Então vamos deixar claro: se eu for uma mulher independente, que não tem problemas com o corpo, se me vestir de uma forma livre, a mostrar o que eu bem entender, tenho uma opinião que poder não ir de encontro à de muitos homens, isso faz de mim um alvo a abater no vosso grupo? 

Não de forma alguma, claro que não. 

Portanto não mereço que fotos minhas sejam vistas por milhares de homens e sujeitas a comentários de desconhecidos.

Claro que não e daí que tudo que entra no grupo tenha de ser tapado, caso possa identificar uma pessoa. Imagina que uma foto dessas entra no grupo, tudo tem de ser tapado, cicatrizes, cara, tatuagens, sinais, tudo que possa identificar a pessoa, porque aqui ninguém quer difamar ninguém. A ideia é mostrar o rabo, ou mostrar o seio, não é difamar a mulher.

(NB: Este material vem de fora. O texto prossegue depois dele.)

(* For every term $t$ over $\Sigma_f(X)$, the equation $0\cdot t=0\cdot\sum_{x\in\mathsf{VAR}(t)}x$ is derivable in equational logic from $\mathsf{Md}_\bot$, where the empty sum is $0$.
   Context: $\Sigma_f$ is the signature with one sort, constants $0,1$, binary operations $+,\cdot$ and unary operation $-$; $\Sigma_{md,\bot}$ extends it with a constant $\bot$ and a unary operation $(\,\cdot\,)^{-1}$. $\Sigma_f(X)$ denotes terms over $\Sigma_f$ with variables from $X$, and $\mathsf{VAR}(t)$ is the set of variables occurring in $t$. $\mathsf{Md}_\bot$ is the set of $\Sigma_{md,\bot}$-equations (variables universally quantified): $(x+y)+z=x+(y+z)$; $x+y=y+x$; $x+0=x$; $x+(-x)=0\cdot x$; $(x\cdot y)\cdot z=x\cdot(y\cdot z)$; $x\cdot y=y\cdot x$; $1\cdot x=x$; $x\cdot(y+z)=x\cdot y+x\cdot z$; $-(-x)=x$; $0\cdot(x\cdot x)=0\cdot x$; $(x^{-1})^{-1}=x+0\cdot x^{-1}$; $x\cdot x^{-1}=1+0\cdot x^{-1}$; $(x\cdot y)^{-1}=x^{-1}\cdot y^{-1}$; $1^{-1}=1$; $0^{-1}=\bot$; $x+\bot=\bot$; $x\cdot\bot=\bot$. *)

theory Defs
  imports Main
begin

datatype 'v trm =
    Var 'v
  | Zero
  | One
  | Add "'v trm" "'v trm"
  | Mul "'v trm" "'v trm"
  | Neg "'v trm"
  | Bot
  | Inv "'v trm"

fun is_f_term :: "'v trm \<Rightarrow> bool" where
  "is_f_term (Var x) = True"
| "is_f_term Zero = True"
| "is_f_term One = True"
| "is_f_term (Add s t) = (is_f_term s \<and> is_f_term t)"
| "is_f_term (Mul s t) = (is_f_term s \<and> is_f_term t)"
| "is_f_term (Neg s) = is_f_term s"
| "is_f_term Bot = False"
| "is_f_term (Inv s) = False"

fun VAR :: "'v trm \<Rightarrow> 'v set" where
  "VAR (Var x) = {x}"
| "VAR Zero = {}"
| "VAR One = {}"
| "VAR (Add s t) = VAR s \<union> VAR t"
| "VAR (Mul s t) = VAR s \<union> VAR t"
| "VAR (Neg s) = VAR s"
| "VAR Bot = {}"
| "VAR (Inv s) = VAR s"

fun subst :: "('v \<Rightarrow> 'v trm) \<Rightarrow> 'v trm \<Rightarrow> 'v trm" where
  "subst \<sigma> (Var x) = \<sigma> x"
| "subst \<sigma> Zero = Zero"
| "subst \<sigma> One = One"
| "subst \<sigma> (Add s t) = Add (subst \<sigma> s) (subst \<sigma> t)"
| "subst \<sigma> (Mul s t) = Mul (subst \<sigma> s) (subst \<sigma> t)"
| "subst \<sigma> (Neg s) = Neg (subst \<sigma> s)"
| "subst \<sigma> Bot = Bot"
| "subst \<sigma> (Inv s) = Inv (subst \<sigma> s)"

definition Md_bot :: "('v \<times> 'v \<times> 'v) \<Rightarrow> ('v trm \<times> 'v trm) set" where
  "Md_bot xyz = (case xyz of (x0, y0, z0) \<Rightarrow>
     (let x = Var x0; y = Var y0; z = Var z0 in
     { (Add (Add x y) z, Add x (Add y z)),
       (Add x y, Add y x),
       (Add x Zero, x),
       (Add x (Neg x), Mul Zero x),
       (Mul (Mul x y) z, Mul x (Mul y z)),
       (Mul x y, Mul y x),
       (Mul One x, x),
       (Mul x (Add y z), Add (Mul x y) (Mul x z)),
       (Neg (Neg x), x),
       (Mul Zero (Mul x x), Mul Zero x),
       (Inv (Inv x), Add x (Mul Zero (Inv x))),
       (Mul x (Inv x), Add One (Mul Zero (Inv x))),
       (Inv (Mul x y), Mul (Inv x) (Inv y)),
       (Inv One, One),
       (Inv Zero, Bot),
       (Add x Bot, Bot),
       (Mul x Bot, Bot) }))"

inductive derivable :: "('v trm \<times> 'v trm) set \<Rightarrow> 'v trm \<Rightarrow> 'v trm \<Rightarrow> bool"
  for E where
  ax: "(s, t) \<in> E \<Longrightarrow> derivable E (subst \<sigma> s) (subst \<sigma> t)"
| refl: "derivable E t t"
| sym: "derivable E s t \<Longrightarrow> derivable E t s"
| trans: "derivable E s t \<Longrightarrow> derivable E t u \<Longrightarrow> derivable E s u"
| cong_Add: "derivable E s1 t1 \<Longrightarrow> derivable E s2 t2 \<Longrightarrow> derivable E (Add s1 s2) (Add t1 t2)"
| cong_Mul: "derivable E s1 t1 \<Longrightarrow> derivable E s2 t2 \<Longrightarrow> derivable E (Mul s1 s2) (Mul t1 t2)"
| cong_Neg: "derivable E s t \<Longrightarrow> derivable E (Neg s) (Neg t)"
| cong_Inv: "derivable E s t \<Longrightarrow> derivable E (Inv s) (Inv t)"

E não achas que estás a sexualizar o corpo da mulher nesse sentido, a objetificar? Estás a partilhar rabos, estás a partilhar seios. Achas correto que se sexualize o corpo da mulher? 

Existem fotos de corpos de mulher em todo lado. Não acho correto nem deixo de achar, é melhor sexualizar o corpo da mulher, com uma foto recortada e a falar do que queremos falar do que mostrar a foto inteira. Se calhar ela até enviou assim. 

Mas independentemente do grupo, qual é a tua opinião sobre os vários movimentos como o #freetheniple, que lutam contra a objetificação dos seios? As mulheres querem sentir-se seguras. Se quiserem mostrar mamilos, como os homens também andam sem t-shirt sem problemas, as mulheres não podem porque os delas são sexualizados. 

São, mas isso é por causa da mentalidade portuguesa. É a realidade das coisas. No meu caso, quem quiser expor-se que se exponha da forma que quiser. Mas no grupo só podem expor conforme as regras que são decididas: ao partilhar conteúdos explícitos, sejam da internet, sejam pessoais, que eu não posso controlar a origem das fotos, nem sou o responsável. Elas não podem ter algo que identifique ou diga quem é. Se me postassem num grupo, toda gente saberia quem eu era pelas tatuagens e tudo isso terá de ser tapado, porque há coisas que identificam as pessoas como bilhetes de identidade e nós não queremos, de forma alguma, difamar ninguém e daí precavermo-nos com esta situação de que tudo tem de estar tapado ou recortado. Quero deixar bem claro que nós temos família, não estamos aqui para difamar ninguém, o grupo era apenas de sátira e partilhas de conteúdo com piada. 

E sobre os comentários que houve à outra jornalista? Vou correr o mesmo risco, de serem partilhadas fotos minhas pelos vossos membros com aquele tipo de comentários?

Eu fiquei muito chateado com o que foi escrito, porque não fomos nós a publicar aquele video, ele já circulava e os membros reagiram ao facto de isso não ter sido bem tratado. Mas, mais uma vez, nós não conseguimos controlar sempre o que as pessoas comentam.